# Fav toy.



## born36

Hello 
My Puppy is 6 months old now and his favourite toy is by far his pheasant soft toy. I thought it would interesting to know what other Vs love as this might spark off ideas for Christmas presents for our Vs. So what is your Vs favorite toy???


----------



## ironman_stittsville

My Phoebe seems to particularly enjoy any kitten toy in the house (poor Cyrus never gets to play with them for long  ).
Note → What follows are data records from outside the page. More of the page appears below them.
(* Let $G$ be a finite non-abelian group and $C\le G$ a subgroup such that: $C=\langle c\rangle$ is cyclic of order a power of a prime $r$; $C$ is characteristic in $G$; $C\cap Z(G)=\{1\}$; and some $a\in G$ induces by conjugation on $C$ an automorphism whose order is not a power of $r$. Let $\gamma$ be a gamma function on $G$ and suppose there is a function $\sigma:C\to C$ with $\gamma(x)=\iota\big((x^{\sigma})^{-1}\big)$ for every $x\in C$. Then either $\gamma(x)=1$ for all $x\in C$ (i.e. $C\le\ker(\gamma)$), or $\gamma(x)=\iota(x^{-1})$ for all $x\in C$, in which case $C\le\ker(\tilde\gamma)$, where $\tilde\gamma(x)=\gamma(x^{-1})\iota(x^{-1})$.
   Context: Maps act on the right, written exponentially; $\iota(g)\in\mathrm{Aut}(G)$ is $x\mapsto g^{-1}xg$. A gamma function on $G$ is a map $\gamma:G\to\mathrm{Aut}(G)$ with $\gamma(g^{\gamma(h)}h)=\gamma(g)\gamma(h)$ for all $g,h\in G$; $\ker(\gamma)=\{g:\gamma(g)=1\}$. The map $\tilde\gamma$ is again a gamma function. *)

theory Defs
  imports "HOL-Algebra.Algebra"
begin

text \<open>Maps act on the right. The right-action product
  phi psi (first phi, then psi) is compose (carrier G) psi phi.\<close>

definition conj_aut :: "('a, 'b) monoid_scheme \<Rightarrow> 'a \<Rightarrow> ('a \<Rightarrow> 'a)" where
  "conj_aut G g = (\<lambda>x \<in> carrier G. inv\<^bsub>G\<^esub> g \<otimes>\<^bsub>G\<^esub> x \<otimes>\<^bsub>G\<^esub> g)"

definition id_aut :: "('a, 'b) monoid_scheme \<Rightarrow> ('a \<Rightarrow> 'a)" where
  "id_aut G = (\<lambda>x \<in> carrier G. x)"

definition aut_mult :: "('a, 'b) monoid_scheme \<Rightarrow> ('a \<Rightarrow> 'a) \<Rightarrow> ('a \<Rightarrow> 'a) \<Rightarrow> ('a \<Rightarrow> 'a)" where
  "aut_mult G phi psi = compose (carrier G) psi phi"

definition gamma_function :: "('a, 'b) monoid_scheme \<Rightarrow> ('a \<Rightarrow> ('a \<Rightarrow> 'a)) \<Rightarrow> bool" where
  "gamma_function G \<gamma> \<longleftrightarrow>
     (\<forall>g \<in> carrier G. \<gamma> g \<in> auto G) \<and>
     (\<forall>g \<in> carrier G. \<forall>h \<in> carrier G.
        \<gamma> (\<gamma> h g \<otimes>\<^bsub>G\<^esub> h) = aut_mult G (\<gamma> g) (\<gamma> h))"

definition gamma_tilde :: "('a, 'b) monoid_scheme \<Rightarrow> ('a \<Rightarrow> ('a \<Rightarrow> 'a)) \<Rightarrow> 'a \<Rightarrow> ('a \<Rightarrow> 'a)" where
  "gamma_tilde G \<gamma> x = aut_mult G (\<gamma> (inv\<^bsub>G\<^esub> x)) (conj_aut G (inv\<^bsub>G\<^esub> x))"

definition group_center :: "('a, 'b) monoid_scheme \<Rightarrow> 'a set" where
  "group_center G = {z \<in> carrier G. \<forall>x \<in> carrier G. z \<otimes>\<^bsub>G\<^esub> x = x \<otimes>\<^bsub>G\<^esub> z}"

definition characteristic :: "('a, 'b) monoid_scheme \<Rightarrow> 'a set \<Rightarrow> bool" where
  "characteristic G H \<longleftrightarrow> subgroup H G \<and> (\<forall>\<phi> \<in> auto G. \<phi> ` H = H)"

end

theory Submission
  imports Defs "HOL-Computational_Algebra.Primes"
begin

(*
  For x in C the automorphism gamma(x) is inner, namely iota(sigma(x)^-1), and since
  C meets the centre trivially, iota is injective on C; so identities between the
  gamma(x) descend to sigma. As C is abelian, gamma(y) fixes every x in C, and the gamma
  identity makes sigma an endomorphism of the cyclic group C: sigma(x) = x^m.

  Conjugation by a has no nontrivial fixed point on C = <c> of order r^k: if it maps
  c to c^t and fixes some c^j <> 1, then t = 1 (mod r), hence t^(r^k) = 1 (mod r^(k+1)),
  and its order on C would be a power of r.

  Given x in C, put y = x^m and choose x' in C with gamma(a)(x') = y a y^-1 x a^-1,
  so that gamma(x)(a) x = gamma(a)(x') a. The gamma identity turns both sides into the
  same automorphism and yields y = gamma(a)(x')^m; unfolding this, y^-m y is fixed by
  conjugation by a, so y^m = y. Thus m^2 = m (mod r^k), i.e. m = 0 or m = 1 (mod r^k),
  which are the two alternatives.
*)

lemma power_dvd_power_power_sub_one:
  fixes t :: int and r :: nat
  assumes "int r dvd t - 1"
  shows "int r ^ Suc i dvd t ^ (r ^ i) - 1"
proof (induction i)
  case 0
  then show ?case using assms by simp
next
  case (Suc i)
  define x where "x = t ^ (r ^ i)"
  have IH: "int r ^ Suc i dvd x - 1"
    using Suc x_def by simp
  then have "int r dvd x - 1"
    by (metis dvd_mult_left power_Suc)
  then have "int r dvd x ^ l - 1" for l
    by (metis dvd_mult2 power_diff_1_eq)
  then have "int r dvd (\<Sum>l<r. x ^ l - 1) + int r"
    by (intro dvd_add dvd_sum) auto
  then have "int r dvd (\<Sum>l<r. x ^ l)"
    by (simp add: sum_subtractf)
  with IH have "int r ^ Suc i * int r dvd (x - 1) * (\<Sum>l<r. x ^ l)"
    by (rule mult_dvd_mono)
  moreover have "(x - 1) * (\<Sum>l<r. x ^ l) = t ^ (r ^ Suc i) - 1"
  proof -
    have "t ^ (r ^ Suc i) = x ^ r"
      unfolding x_def by (simp only: power_Suc2 power_mult)
    then show ?thesis
      using power_diff_1_eq[of x r] by simp
  qed
  ultimately show ?case
    by (simp add: mult.commute)
qed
She really enjoys the stuffed toys but she disembowels them faster than I can buy them. Rawhides are pretty much the ticket for her nowadays.

Rh.


----------



## DougAndKate

Great topic idea born36, as I'm sure most of us will spoil our pups for the holidays! Elroy really loves lacrosse balls and nylabones. But his favorite was probably a soft toy we called Buddy. It was his first toy, and we JUST got rid of it after months of abuse!


----------



## Kobi

Well most everything has been shredded to bits, so I guess it's the Kong frisbee or tennis balls. His favorite thing to carry around is his bed though.... even though it's 42 x 28, he drags it everywhere.


----------



## Suliko

Sophie’s favorite toy was a little duck that I can’t find anywhere in stores  I have attached a picture of her as a puppy playing with it. She used to drag it around the house wherever she went. I had to get rid of it few months ago because I couldn’t fix it anymore.
Another favorite was this HUGE white pillow that looked like a mouse from IKEA store. Once she got to taste the stuffing, it became a daily task to get to it. Yet another one had to go. 
Now she has this box where all the toys are placed, and she plays with ALL of them. If only I could teach her how to put them back!


----------



## redrover

Whichever one is the newest, of course!

Actually, his all-time favorite is a triceratops toy that was made by Go Dog. It took him about 8 months, but he's finally ripped a hole in it, pulled out all the fluff, and destroyed the squeakers. He still likes it though--he enjoys flinging it around the living room. It might be his favorite fetch toy, actually. He also loves this one, funky, green rubber squeaker ball. It bounces pretty erratically, so it keeps him entertained. Unfortunately I lost it during some traveling, so I'll have to go get him another one for Christmas.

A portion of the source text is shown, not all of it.